Thursday, January 23, 2014

Blizzard #2 for this winter

Snow blew beginning Tuesday afernoon, through yesterday until about 2:30. It was called a blizzard. I don't know the specific definition but, as a former upstate New York resident, to me it was just a lot of cold, blowing snow.  This morning there was no snow on my car -- it had all blown off. The lot had been plowed but the pile behind my car was barely 3 inches deep.  Not my idea of a blizzard.

However, a new Academy of Lifelong Learning semester starts next week and I realized I need a poem so I'm working on one.  This may or may not be the final version. I describe the last 48 hours using a self-conscious metaphor.  The photo taken last year actually if very much like this morning's dawn except the cars in the lot have snow on them.

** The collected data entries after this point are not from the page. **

lemma one_mem_sum_counts_step:
  "of_bool (1 \<in> sum_counts (0 # c)) + of_bool (1 \<in> sum_counts (1 # c)) + of_bool (1 \<in> sum_counts (2 # c))
    = 1 + (of_bool (1 \<in> sum_counts c) :: nat)"
proof -
  have "sum_counts (2 # c) = (\<lambda>e. 2 - e) ` sum_counts c"
    by simp
  then have "1 \<in> sum_counts (2 # c) \<longleftrightarrow> 1 \<in> sum_counts c"
    by (simp only: one_mem_reflect_iff)
  then show ?thesis
    by (cases "1 \<in> sum_counts c") simp_all
qed

lemma card_sum_counts_step:
  "card (sum_counts (0 # c)) + card (sum_counts (1 # c)) + card (sum_counts (2 # c))
    = 1 + of_bool (1 \<in> sum_counts c) + 2 * card (sum_counts c)"
  using card_sum_counts_two[of c] by simp

lemma sum_one_mem_sum_counts: "2 * (\<Sum>c\<in>ternary n. of_bool (1 \<in> sum_counts c)) + 1 = (3 :: nat) ^ n"
proof (induction n)
  case (Suc n)
  have "(\<Sum>c\<in>ternary (Suc n). of_bool (1 \<in> sum_counts c))
      = (\<Sum>c\<in>ternary n. 1 + of_bool (1 \<in> sum_counts c) :: nat)"
    unfolding sum_ternary_Suc by (intro sum.cong refl one_mem_sum_counts_step)
  also have "\<dots> = 3 ^ n + (\<Sum>c\<in>ternary n. of_bool (1 \<in> sum_counts c))"
    by (subst sum.distrib) (simp add: card_ternary)
  finally show ?case
    using Suc.IH by simp
qed (simp add: ternary_0)

lemma sum_card_sum_counts:
  "2 * (\<Sum>c\<in>ternary n. card (sum_counts c)) + 2 ^ (n + 1) = 3 ^ (n + 1) + 1"
proof (induction n)
  case (Suc n)
  have "(\<Sum>c\<in>ternary (Suc n). card (sum_counts c))
      = (\<Sum>c\<in>ternary n. 1 + of_bool (1 \<in> sum_counts c) + 2 * card (sum_counts c))"
    unfolding sum_ternary_Suc by (intro sum.cong refl card_sum_counts_step)
  also have "\<dots> = 3 ^ n + (\<Sum>c\<in>ternary n. of_bool (1 \<in> sum_counts c))
      + 2 * (\<Sum>c\<in>ternary n. card (sum_counts c))"
    by (subst sum.distrib)+ (simp add: sum_distrib_left card_ternary)
  finally show ?case
    using Suc.IH sum_one_mem_sum_counts[of n] by simp
qed (simp add: ternary_0)

lemma dim_comp_closed_form:
  "2 * dim_comp TYPE('k::field) n (2 * (n + 1)) + 2 ^ (n + 1) = 3 ^ (n + 1) + 1"
proof -
  have "dim_comp TYPE('k) n (2 * (n + 1)) = card (gen_pair_products n)"
    by (rule dim_comp_eq_card_gen_pair_products)
  also have "\<dots> = card (profile n ` gen_pair_products n)"
    by (rule card_image[OF inj_on_profile, symmetric])
  also have "\<dots> = card (Sigma (ternary n) sum_counts)"
    by (simp only: profile_image profiles_eq_Sigma)
  also have "\<dots> = (\<Sum>c\<in>ternary n. card (sum_counts c))"
    using finite_ternary sum_counts_subset by (intro card_SigmaI) (auto intro: finite_subset)
  finally show ?thesis
    using sum_card_sum_counts by simp
qed

theorem lemma3p6:
  fixes n :: nat
  assumes "n \<ge> 2"
  shows "int (dim_comp TYPE('k::field) n (2 * (n + 1)))
         = int (dim_comp TYPE('k) (n - 1) (2 * n)) + 3 ^ n - 2 ^ (n - 1)"
proof -
  obtain m where n: "n = Suc m"
    using assms by (cases n) auto
  have "2 * int (dim_comp TYPE('k) n (2 * (n + 1))) + 4 * 2 ^ m = 9 * 3 ^ m + 1"
    using arg_cong[OF dim_comp_closed_form[of n, where 'k = 'k], of int] by (simp add: n)
  moreover have "2 * int (dim_comp TYPE('k) (n - 1) (2 * n)) + 2 * 2 ^ m = 3 * 3 ^ m + 1"
    using arg_cong[OF dim_comp_closed_form[of m, where 'k = 'k], of int] by (simp add: n)
  ultimately show ?thesis
    by (simp add: n)
qed

end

 Unconventional War               

Yesterday the winter warriors, camouflaged
In chiffon veils of snowflakes and wind, nothing more,
sprite-like in gauzy white flying gowns advanced
Spinning, whirling, leaping, as they danced
Rushing randomly across the lawn. They left
Their tattered flounces in graceful drifts.
The artful army secretly seeded the battlefield
With its hidden weapon: freezing cold.

Dawn arrived today, rosy-fingers giving way
to glowing gold above and glittering silver below,
colorful peacemakers promising liberation
from the aftermath of Operation Ice Invasion.                            

3 comments:

Folkways Note Book said...

Operation Ice Invasion! Sounds horrific. I keep looking at the national weather and the east seems to be getting the brunt of the bad stuff. The way you describe your "blizzard" doesn't sound like the kind I remember from Michigan. MI is used to huge snowfalls, below 0 temps and the weather man on the radio saying "another cold day." And off we would go -- walking to school all wrapped up like Eskimos. I think that the weather folks are getting a bit dramatic about this weather stuff. -- barbara

Carol- Beads and Birds said...

Operation Ice Invasion..how appropriate. I think its a blizzard when there are flurries and a sustained wind of about 40 mph. Northern Indiana had a blizzard last week. The drifting snow and sub zero weather closed schools, then the troups blew on to the east. Please don't send them back.
Stay warm.

June Calender said...

Thank you, Barbara and Carol--I think TV over-dramatizes most things, including the weather. In Michigan or Northern Indiana or Upstate New York people know how to dress warmly and don't hype every passing storm out of proportion. I must admit I took poetic license and exaggerated the Ice Invasion also.